Each record below needs to be written out exactly as it appears.

(Beginning of Data records)

(* Assume $\operatorname{rank}(X)=n$ and $\xi_r(\varpi^N)<1/2$ for some $r\in\{0,\ldots,N\}$. Let $A^\circ\in\mathbb{R}^{n\times s}$ and $\hat A\in\arg\min_{A}\mathcal{J}(A)$, and suppose $A^\circ$ and $\hat A$ are comparable over $\varpi^N$ with associated permutation $\pi$ (i.e. $|I_i(A^\circ)\cap I_{\pi(i)}(\hat A)|\ge\nu_n(X)$ for all $i\in\mathbb{S}$). Then for any norm $\|\cdot\|$ on $\mathbb{R}^{n\times s}$ there exists $D>0$ such that $$\|\hat A_\pi-A^\circ\|\le\frac{2}{D\big(1-2\xi_r(\varpi^N)\big)}\,\delta_r(A^\circ),$$ where $\hat A_\pi=[\hat a_{\pi(1)}\ \cdots\ \hat a_{\pi(s)}]$.
   Context: Data: integers $n,s,N\ge1$ and a dataset $\varpi^N=((x_1,y_1),\ldots,(x_N,y_N))$ with $x_t\in\mathbb{R}^n$, $y_t\in\mathbb{R}$ (in the paper generated by $y_t=x_t^\top a^\circ_{\sigma(t)}+v_t$ with true parameter matrix $A^\circ=[a_1^\circ\ \cdots\ a_s^\circ]$); $X=[x_1\ \cdots\ x_N]\in\mathbb{R}^{n\times N}$. Let $\mathbb{T}=\{1,\ldots,N\}$, $\mathbb{S}=\{1,\ldots,s\}$. For $A=[a_1\ \cdots\ a_s]\in\mathbb{R}^{n\times s}$, $\sigma_A:\mathbb{T}\to\mathbb{S}$ is a switching signal satisfying $\sigma_A(t)\in\arg\min_{i\in\mathbb{S}}|y_t-x_t^\top a_i|$ for all $t$, selected uniquely by a fixed rule depending only on $A$ and the data (among all admissible choices, one maximizing $\min_{i}|I_i(A)|$, ties then broken by assigning the smallest admissible index). $I_i(A)=\{t\in\mathbb{T}:\sigma_A(t)=i\}$. $\phi(A)=\big(y_1-x_1^\top a_{\sigma_A(1)},\ldots,y_N-x_N^\top a_{\sigma_A(N)}\big)^\top$, $\mathcal{J}(A)=\|\phi(A)\|_1$, $\phi_{\mathcal{T}}(A)$ its subvector indexed by $\mathcal{T}\subset\mathbb{T}$. $\mathcal{S}_r=\{w\in\mathbb{R}^N:\|w\|_0\le r\}$, $\delta_r(A)=\inf_{w\in\mathcal{S}_r}\|\phi(A)-w\|_1$. The $r$-th concentration ratio is $$\xi_r(\varpi^N)=\sup\Big\{\frac{\|\phi_{\mathcal{T}}(A)-\phi_{\mathcal{T}}(A')\|_1}{\|\phi(A)-\phi(A')\|_1}: A,A'\in\mathbb{R}^{n\times s},\ \mathcal{T}\subset\mathbb{T},\ \phi(A)\ne\phi(A'),\ |\mathcal{T}|\le r\Big\}.$$ Genericity index: for $\operatorname{rank}(X)=n$, $\nu_n(X)$ is the smallest integer $m$ such that every submatrix formed by $m$ columns of $X$ has rank $n$. Comparability: $A,A'$ are comparable over $\varpi^N$ if there is a permutation $\pi$ of $\mathbb{S}$ with $|I_i(A)\cap I_{\pi(i)}(A')|\ge\nu_n(X)$ for all $i$. *)

theory Defs
  imports "HOL-Analysis.Analysis"
begin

(End of Data records)

■ **Reply to the exercise**
(* Assume $\operatorname{rank}(X)=n$ and $\xi_r(\varpi^N)<1/2$ for some $r\in\{0,\ldots,N\}$. Let $A^\circ\in\mathbb{R}^{n\times s}$ and $\hat A\in\arg\min_{A}\mathcal{J}(A)$, and suppose $A^\circ$ and $\hat A$ are comparable over $\varpi^N$ with associated permutation $\pi$ (i.e. $|I_i(A^\circ)\cap I_{\pi(i)}(\hat A)|\ge\nu_n(X)$ for all $i\in\mathbb{S}$). Then for any norm $\|\cdot\|$ on $\mathbb{R}^{n\times s}$ there exists $D>0$ such that $$\|\hat A_\pi-A^\circ\|\le\frac{2}{D\big(1-2\xi_r(\varpi^N)\big)}\,\delta_r(A^\circ),$$ where $\hat A_\pi=[\hat a_{\pi(1)}\ \cdots\ \hat a_{\pi(s)}]$.
   Context: Data: integers $n,s,N\ge1$ and a dataset $\varpi^N=((x_1,y_1),\ldots,(x_N,y_N))$ with $x_t\in\mathbb{R}^n$, $y_t\in\mathbb{R}$ (in the paper generated by $y_t=x_t^\top a^\circ_{\sigma(t)}+v_t$ with true parameter matrix $A^\circ=[a_1^\circ\ \cdots\ a_s^\circ]$); $X=[x_1\ \cdots\ x_N]\in\mathbb{R}^{n\times N}$. Let $\mathbb{T}=\{1,\ldots,N\}$, $\mathbb{S}=\{1,\ldots,s\}$. For $A=[a_1\ \cdots\ a_s]\in\mathbb{R}^{n\times s}$, $\sigma_A:\mathbb{T}\to\mathbb{S}$ is a switching signal satisfying $\sigma_A(t)\in\arg\min_{i\in\mathbb{S}}|y_t-x_t^\top a_i|$ for all $t$, selected uniquely by a fixed rule depending only on $A$ and the data (among all admissible choices, one maximizing $\min_{i}|I_i(A)|$, ties then broken by assigning the smallest admissible index). $I_i(A)=\{t\in\mathbb{T}:\sigma_A(t)=i\}$. $\phi(A)=\big(y_1-x_1^\top a_{\sigma_A(1)},\ldots,y_N-x_N^\top a_{\sigma_A(N)}\big)^\top$, $\mathcal{J}(A)=\|\phi(A)\|_1$, $\phi_{\mathcal{T}}(A)$ its subvector indexed by $\mathcal{T}\subset\mathbb{T}$. $\mathcal{S}_r=\{w\in\mathbb{R}^N:\|w\|_0\le r\}$, $\delta_r(A)=\inf_{w\in\mathcal{S}_r}\|\phi(A)-w\|_1$. The $r$-th concentration ratio is $$\xi_r(\varpi^N)=\sup\Big\{\frac{\|\phi_{\mathcal{T}}(A)-\phi_{\mathcal{T}}(A')\|_1}{\|\phi(A)-\phi(A')\|_1}: A,A'\in\mathbb{R}^{n\times s},\ \mathcal{T}\subset\mathbb{T},\ \phi(A)\ne\phi(A'),\ |\mathcal{T}|\le r\Big\}.$$ Genericity index: for $\operatorname{rank}(X)=n$, $\nu_n(X)$ is the smallest integer $m$ such that every submatrix formed by $m$ columns of $X$ has rank $n$. Comparability: $A,A'$ are comparable over $\varpi^N$ if there is a permutation $\pi$ of $\mathbb{S}$ with $|I_i(A)\cap I_{\pi(i)}(A')|\ge\nu_n(X)$ for all $i$. *)

theory Defs
  imports "HOL-Analysis.Analysis"
begin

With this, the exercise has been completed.